Copy each line below holding "assumes".
--- EXTRACTED INFORMATION Enclosed Below ---
lemma pairs_to_disk_disk_to_pairs:
  assumes "R1 > 0" "R2 > 0" "x \<bullet> x = 1" "x \<bullet> v = 0" "v \<bullet> v < 4*R1*R2"
  shows "pairs_to_disk R1 R2 (disk_to_pairs R1 R2 (x, v)) = (x, v)"
proof -
  define q where "q = disk_gap R1 R2 v"
  have q: "q > 0" using disk_gap_pos[OF assms(1,2,5)] by (simp add: q_def)
  note sphere = disk_to_pairs_sphere_energy[OF assms]
  have "2*R1*R2*(1 - fst (disk_to_pairs R1 R2 (x, v)) \<bullet> snd (disk_to_pairs R1 R2 (x, v))) = q\<^sup>2"
    using sphere(3) by (simp add: q_def)
  then have "pair_gap R1 R2 (disk_to_pairs R1 R2 (x, v)) = sqrt (q\<^sup>2)"
    unfolding pair_gap_def by simp
  then have gap: "pair_gap R1 R2 (disk_to_pairs R1 R2 (x, v)) = q"
    using q by simp
  have "coef_N R1 R2 q *\<^sub>R fst (disk_to_pairs R1 R2 (x, v))
      - coef_N R2 R1 q *\<^sub>R snd (disk_to_pairs R1 R2 (x, v))
    = (coef_N R1 R2 q * coef_x R1 R2 q + coef_N R2 R1 q * coef_x R2 R1 q) *\<^sub>R x
      + (coef_N R1 R2 q * coef_xv R1 R2 q - coef_N R2 R1 q * coef_xv R2 R1 q) *\<^sub>R cross3 x v"
    by (simp add: disk_to_pairs_def Let_def xv_comb_def q_def[symmetric] algebra_simps)
  also have "\<dots> = x"
    using coef_N_coef_x[OF assms(1,2) q] coef_N_coef_xv[OF assms(1,2) q] by simp
  finally have x: "coef_N R1 R2 q *\<^sub>R fst (disk_to_pairs R1 R2 (x, v))
      - coef_N R2 R1 q *\<^sub>R snd (disk_to_pairs R1 R2 (x, v)) = x" .
  have "cross3 (cross3 x v - (R2 - R1) *\<^sub>R x) x = v"
    using assms(3,4)
    by (simp add: Cross3.left_diff_distrib cross_mult_left cross3_cross3_left inner_commute)
  then show ?thesis
    unfolding pairs_to_disk_def Let_def gap x disk_to_pairs_moment[OF assms(1,2,5)] by simp
qed

lemma inner_lt_one_if_neq:
  fixes N S :: "'a::real_inner"
  assumes "N \<bullet> N = 1" "S \<bullet> S = 1" "N \<noteq> S"
  shows "N \<bullet> S < 1"
proof -
  have "(N - S) \<bullet> (N - S) > 0" using assms(3) by simp
  then show ?thesis using assms(1,2) by (simp add: inner_diff_left inner_diff_right inner_commute)
qed

lemma disk_to_pairs_pairs_to_disk:
  assumes "R1 > 0" "R2 > 0" "N \<bullet> N = 1" "S \<bullet> S = 1" "N \<noteq> S"
  defines "x \<equiv> fst (pairs_to_disk R1 R2 (N, S))" and "v \<equiv> snd (pairs_to_disk R1 R2 (N, S))"
  shows "x \<bullet> x = 1" "x \<bullet> v = 0" "v \<bullet> v < 4*R1*R2"
    and "disk_to_pairs R1 R2 (x, v) = (N, S)"
proof -
  define c where "c = N \<bullet> S"
  have c1: "c < 1" using inner_lt_one_if_neq[OF assms(3-5)] by (simp add: c_def)
  define q where "q = pair_gap R1 R2 (N, S)"
  have qq: "q\<^sup>2 = 2*R1*R2*(1 - c)" and q: "q > 0"
    using assms(1,2) c1 by (simp_all add: q_def pair_gap_def c_def)
  have c: "c = 1 - q\<^sup>2/(2*R1*R2)" using qq assms(1,2) by (simp add: field_simps)
  define T where "T = R1 *\<^sub>R N + R2 *\<^sub>R S"
  have x_eq: "x = coef_N R1 R2 q *\<^sub>R N - coef_N R2 R1 q *\<^sub>R S"
    and v_eq: "v = cross3 T x"
    by (simp_all add: x_def v_def pairs_to_disk_def Let_def q_def T_def)
  have SN: "S \<bullet> N = c" by (simp add: c_def inner_commute)
  have "x \<bullet> x = (coef_N R1 R2 q)\<^sup>2 - 2 * coef_N R1 R2 q * coef_N R2 R1 q * c + (coef_N R2 R1 q)\<^sup>2"
    unfolding x_eq by (simp add: inner_diff_left inner_diff_right assms(3,4) SN c_def[symmetric]
        power2_eq_square algebra_simps)
  then show xx: "x \<bullet> x = 1" using coef_N_norm[OF assms(1,2) q] by (simp add: c)
  have "T \<bullet> x = R1 * coef_N R1 R2 q - R2 * coef_N R2 R1 q
      + (R2 * coef_N R1 R2 q - R1 * coef_N R2 R1 q) * c"
    unfolding x_eq T_def by (simp add: inner_diff_left inner_diff_right inner_add_left inner_add_right
        assms(3,4) SN c_def[symmetric] algebra_simps)
  then have Tx: "T \<bullet> x = R1 - R2" using coef_N_mu[OF assms(1,2) q] by (simp add: c)
  have TT: "T \<bullet> T = R1\<^sup>2 + R2\<^sup>2 + 2*R1*R2*c"
    unfolding T_def by (simp add: inner_add_left inner_add_right assms(3,4) SN c_def[symmetric]
        algebra_simps power2_eq_square)
  have vv: "v \<bullet> v = 4*R1*R2 - q\<^sup>2"
    unfolding v_eq inner_cross3_cross3 xx TT Tx using qq by (simp add: algebra_simps power2_eq_square)
  show "x \<bullet> v = 0" by (simp add: v_eq)
  show "v \<bullet> v < 4*R1*R2" using vv q by simp
  have gap: "disk_gap R1 R2 v = q" unfolding disk_gap_def vv using q by simp
  have xv: "cross3 x v = T - (R1 - R2) *\<^sub>R x"
    by (simp add: v_eq Lagrange xx inner_commute Tx)
  have "fst (disk_to_pairs R1 R2 (x, v))
    = ((coef_x R1 R2 q + (R2 - R1) * coef_xv R1 R2 q) * coef_N R1 R2 q + R1 * coef_xv R1 R2 q) *\<^sub>R N
      - ((coef_x R1 R2 q + (R2 - R1) * coef_xv R1 R2 q) * coef_N R2 R1 q - R2 * coef_xv R1 R2 q) *\<^sub>R S"
    unfolding disk_to_pairs_def Let_def xv_comb_def fst_conv snd_conv gap xv
    by (simp add: x_eq T_def algebra_simps)
  also have "\<dots> = N" using coef_N_right_inverse[OF assms(1,2) q] by simp
  finally have N: "fst (disk_to_pairs R1 R2 (x, v)) = N" .
  have "snd (disk_to_pairs R1 R2 (x, v))
    = ((coef_x R2 R1 q + (R1 - R2) * coef_xv R2 R1 q) * coef_N R2 R1 q + R2 * coef_xv R2 R1 q) *\<^sub>R S
      - ((coef_x R2 R1 q + (R1 - R2) * coef_xv R2 R1 q) * coef_N R1 R2 q - R1 * coef_xv R2 R1 q) *\<^sub>R N"
    unfolding disk_to_pairs_def Let_def xv_comb_def fst_conv snd_conv gap xv
    by (simp add: x_eq T_def algebra_simps)
  also have "\<dots> = S" using coef_N_right_inverse[OF assms(2,1) q] by simp
  finally have S: "snd (disk_to_pairs R1 R2 (x, v)) = S" .
  show "disk_to_pairs R1 R2 (x, v) = (N, S)" using N S by (simp add: prod_eq_iff)
qed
--- End of Enclosed EXTRACTED INFORMATION ---
→ **EXERCISE OUTPUT**
  assumes "R1 > 0" "R2 > 0" "x \<bullet> x = 1" "x \<bullet> v = 0" "v \<bullet> v < 4*R1*R2"
  assumes "N \<bullet> N = 1" "S \<bullet> S = 1" "N \<noteq> S"
  assumes "R1 > 0" "R2 > 0" "N \<bullet> N = 1" "S \<bullet> S = 1" "N \<noteq> S"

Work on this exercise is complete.